Collected data
⁂
(* Let $X$ and $Y$ be metric spaces and let $f:X\to Y$ be a local homeomorphism. Suppose that $Y$ is $\mathcal P$-connected and locally $\mathcal P$-contractible for some family $\mathcal P$ of paths in $Y$. Then $f$ is a covering projection if and only if $f$ has the continuation property for every path in $\mathcal P$.
   Context: A family $\mathcal P$ of continuous paths $p:[0,1]\to Y$ in a metric space $Y$ is given. $Y$ is $\mathcal P$-connected if (i) whenever $p\in\mathcal P$, the reverse path $\bar p(t)=p(1-t)$ belongs to $\mathcal P$, and (ii) every two points of $Y$ can be joined by a path in $\mathcal P$. $Y$ is locally $\mathcal P$-contractible if every $y_0\in Y$ has an open neighborhood $U$ with a continuous homotopy $H:U\times[0,1]\to U$ such that $H(y_0,t)=y_0$ for all $t$, $H(y,0)=y_0$ and $H(y,1)=y$ for all $y\in U$, and for every $y\in U$ the path $t\mapsto H(y,t)$ belongs to $\mathcal P$. A continuous map $f:X\to Y$ has the continuation property for a path $p:[0,1]\to Y$ if for every $b\in(0,1]$ and every continuous path $q:[0,b)\to X$ with $f\circ q=p$ on $[0,b)$, there exists a sequence $(t_n)$ in $[0,b)$ converging to $b$ such that $(q(t_n))$ converges in $X$. *)

theory Defs
  imports "HOL-Analysis.Analysis"
begin

text \<open>Paths are functions real to Y, only their values on [0,1] matter.
  A path p "belongs to" the family P if some member of P agrees with p on [0,1].\<close>
definition in_family :: "(real \<Rightarrow> 'b) set \<Rightarrow> (real \<Rightarrow> 'b) \<Rightarrow> bool" where
  "in_family P p \<longleftrightarrow> (\<exists>p'\<in>P. \<forall>t\<in>{0..1}. p' t = p t)"

definition P_connected :: "(real \<Rightarrow> 'b::topological_space) set \<Rightarrow> bool" where
  "P_connected P \<longleftrightarrow>
     (\<forall>p\<in>P. in_family P (reversepath p)) \<and>
     (\<forall>x y. \<exists>p\<in>P. pathstart p = x \<and> pathfinish p = y)"

definition locally_P_contractible :: "(real \<Rightarrow> 'b::topological_space) set \<Rightarrow> bool" where
  "locally_P_contractible P \<longleftrightarrow>
     (\<forall>y0. \<exists>U H. open U \<and> y0 \<in> U \<and>
        continuous_on (U \<times> {0..1}) H \<and> H ` (U \<times> {0..1}) \<subseteq> U \<and>
        (\<forall>t\<in>{0..1}. H (y0, t) = y0) \<and>
        (\<forall>y\<in>U. H (y, 0) = y0 \<and> H (y, 1) = y) \<and>
        (\<forall>y\<in>U. in_family P (\<lambda>t. H (y, t))))"

definition local_homeomorphism :: "('a::topological_space \<Rightarrow> 'b::topological_space) \<Rightarrow> bool" where
  "local_homeomorphism f \<longleftrightarrow>
     (\<forall>x. \<exists>U g. open U \<and> x \<in> U \<and> open (f ` U) \<and> homeomorphism U (f ` U) f g)"

definition continuation_property ::
    "('a::metric_space \<Rightarrow> 'b) \<Rightarrow> (real \<Rightarrow> 'b) \<Rightarrow> bool" where
  "continuation_property f p \<longleftrightarrow>
     (\<forall>b\<in>{0<..1}. \<forall>q::real \<Rightarrow> 'a.
        continuous_on {0..<b} q \<and> (\<forall>t\<in>{0..<b}. f (q t) = p t) \<longrightarrow>
        (\<exists>tn::nat \<Rightarrow> real. (\<forall>n. tn n \<in> {0..<b}) \<and> tn \<longlonglongrightarrow> b \<and>
            convergent (\<lambda>n. q (tn n))))"

end

theory Submission
  imports Defs
begin

(* Lifts along a local homeomorphism are unique on connected parameter sets. If every path of P
   has the continuation property, every path of P lifts: by real induction on [0,1], lifts on
   [0,s] for all s < tau glue to one map on [0,tau), the continuation property gives a limit point
   over p tau, and a local inverse of f near that point extends the lift beyond tau.

   Given y0, contract a neighbourhood U of y0 along paths of P. Lifting the contraction paths from
   each point x over y0 and taking endpoints gives sections of f over U; they are continuous by a
   second real induction on the time parameter. Uniqueness of lifts, applied also to the reversed
   contraction paths, shows that the images of these sections are disjoint and cover the preimage
   of U, so U is evenly covered.

   Conversely, over an evenly covered neighbourhood of p b the tail of a lift on [0,b) stays in a
   single sheet, hence converges. *)

lemma local_homeomorphism_continuous:
  fixes f :: "'a::metric_space \<Rightarrow> 'b::topological_space"
  assumes "local_homeomorphism f"
  shows "continuous_on S f"
proof -
  have "continuous (at x) f" for x
  proof -
    obtain U g where "open U" "x \<in> U" "homeomorphism U (f ` U) f g"
      using assms unfolding local_homeomorphism_def by blast
    then show ?thesis
      by (meson continuous_on_eq_continuous_at homeomorphism_cont1)
  qed
  then show ?thesis
    by (simp add: continuous_at_imp_continuous_on)
qed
⁂
The records above must be transcribed without a single omission.

(* Let $X$ and $Y$ be metric spaces and let $f:X\to Y$ be a local homeomorphism. Suppose that $Y$ is $\mathcal P$-connected and locally $\mathcal P$-contractible for some family $\mathcal P$ of paths in $Y$. Then $f$ is a covering projection if and only if $f$ has the continuation property for every path in $\mathcal P$.
   Context: A family $\mathcal P$ of continuous paths $p:[0,1]\to Y$ in a metric space $Y$ is given. $Y$ is $\mathcal P$-connected if (i) whenever $p\in\mathcal P$, the reverse path $\bar p(t)=p(1-t)$ belongs to $\mathcal P$, and (ii) every two points of $Y$ can be joined by a path in $\mathcal P$. $Y$ is locally $\mathcal P$-contractible if every $y_0\in Y$ has an open neighborhood $U$ with a continuous homotopy $H:U\times[0,1]\to U$ such that $H(y_0,t)=y_0$ for all $t$, $H(y,0)=y_0$ and $H(y,1)=y$ for all $y\in U$, and for every $y\in U$ the path $t\mapsto H(y,t)$ belongs to $\mathcal P$. A continuous map $f:X\to Y$ has the continuation property for a path $p:[0,1]\to Y$ if for every $b\in(0,1]$ and every continuous path $q:[0,b)\to X$ with $f\circ q=p$ on $[0,b)$, there exists a sequence $(t_n)$ in $[0,b)$ converging to $b$ such that $(q(t_n))$ converges in $X$. *)

theory Defs
  imports "HOL-Analysis.Analysis"
begin

text \<open>Paths are functions real to Y, only their values on [0,1] matter.
  A path p "belongs to" the family P if some member of P agrees with p on [0,1].\<close>
definition in_family :: "(real \<Rightarrow> 'b) set \<Rightarrow> (real \<Rightarrow> 'b) \<Rightarrow> bool" where
  "in_family P p \<longleftrightarrow> (\<exists>p'\<in>P. \<forall>t\<in>{0..1}. p' t = p t)"

definition P_connected :: "(real \<Rightarrow> 'b::topological_space) set \<Rightarrow> bool" where
  "P_connected P \<longleftrightarrow>
     (\<forall>p\<in>P. in_family P (reversepath p)) \<and>
     (\<forall>x y. \<exists>p\<in>P. pathstart p = x \<and> pathfinish p = y)"

definition locally_P_contractible :: "(real \<Rightarrow> 'b::topological_space) set \<Rightarrow> bool" where
  "locally_P_contractible P \<longleftrightarrow>
     (\<forall>y0. \<exists>U H. open U \<and> y0 \<in> U \<and>
        continuous_on (U \<times> {0..1}) H \<and> H ` (U \<times> {0..1}) \<subseteq> U \<and>
        (\<forall>t\<in>{0..1}. H (y0, t) = y0) \<and>
        (\<forall>y\<in>U. H (y, 0) = y0 \<and> H (y, 1) = y) \<and>
        (\<forall>y\<in>U. in_family P (\<lambda>t. H (y, t))))"

definition local_homeomorphism :: "('a::topological_space \<Rightarrow> 'b::topological_space) \<Rightarrow> bool" where
  "local_homeomorphism f \<longleftrightarrow>
     (\<forall>x. \<exists>U g. open U \<and> x \<in> U \<and> open (f ` U) \<and> homeomorphism U (f ` U) f g)"

definition continuation_property ::
    "('a::metric_space \<Rightarrow> 'b) \<Rightarrow> (real \<Rightarrow> 'b) \<Rightarrow> bool" where
  "continuation_property f p \<longleftrightarrow>
     (\<forall>b\<in>{0<..1}. \<forall>q::real \<Rightarrow> 'a.
        continuous_on {0..<b} q \<and> (\<forall>t\<in>{0..<b}. f (q t) = p t) \<longrightarrow>
        (\<exists>tn::nat \<Rightarrow> real. (\<forall>n. tn n \<in> {0..<b}) \<and> tn \<longlonglongrightarrow> b \<and>
            convergent (\<lambda>n. q (tn n))))"

end

theory Submission
  imports Defs
begin

(* Lifts along a local homeomorphism are unique on connected parameter sets. If every path of P
   has the continuation property, every path of P lifts: by real induction on [0,1], lifts on
   [0,s] for all s < tau glue to one map on [0,tau), the continuation property gives a limit point
   over p tau, and a local inverse of f near that point extends the lift beyond tau.

   Given y0, contract a neighbourhood U of y0 along paths of P. Lifting the contraction paths from
   each point x over y0 and taking endpoints gives sections of f over U; they are continuous by a
   second real induction on the time parameter. Uniqueness of lifts, applied also to the reversed
   contraction paths, shows that the images of these sections are disjoint and cover the preimage
   of U, so U is evenly covered.

   Conversely, over an evenly covered neighbourhood of p b the tail of a lift on [0,b) stays in a
   single sheet, hence converges. *)

lemma local_homeomorphism_continuous:
  fixes f :: "'a::metric_space \<Rightarrow> 'b::topological_space"
  assumes "local_homeomorphism f"
  shows "continuous_on S f"
proof -
  have "continuous (at x) f" for x
  proof -
    obtain U g where "open U" "x \<in> U" "homeomorphism U (f ` U) f g"
      using assms unfolding local_homeomorphism_def by blast
    then show ?thesis
      by (meson continuous_on_eq_continuous_at homeomorphism_cont1)
  qed
  then show ?thesis
    by (simp add: continuous_at_imp_continuous_on)
qed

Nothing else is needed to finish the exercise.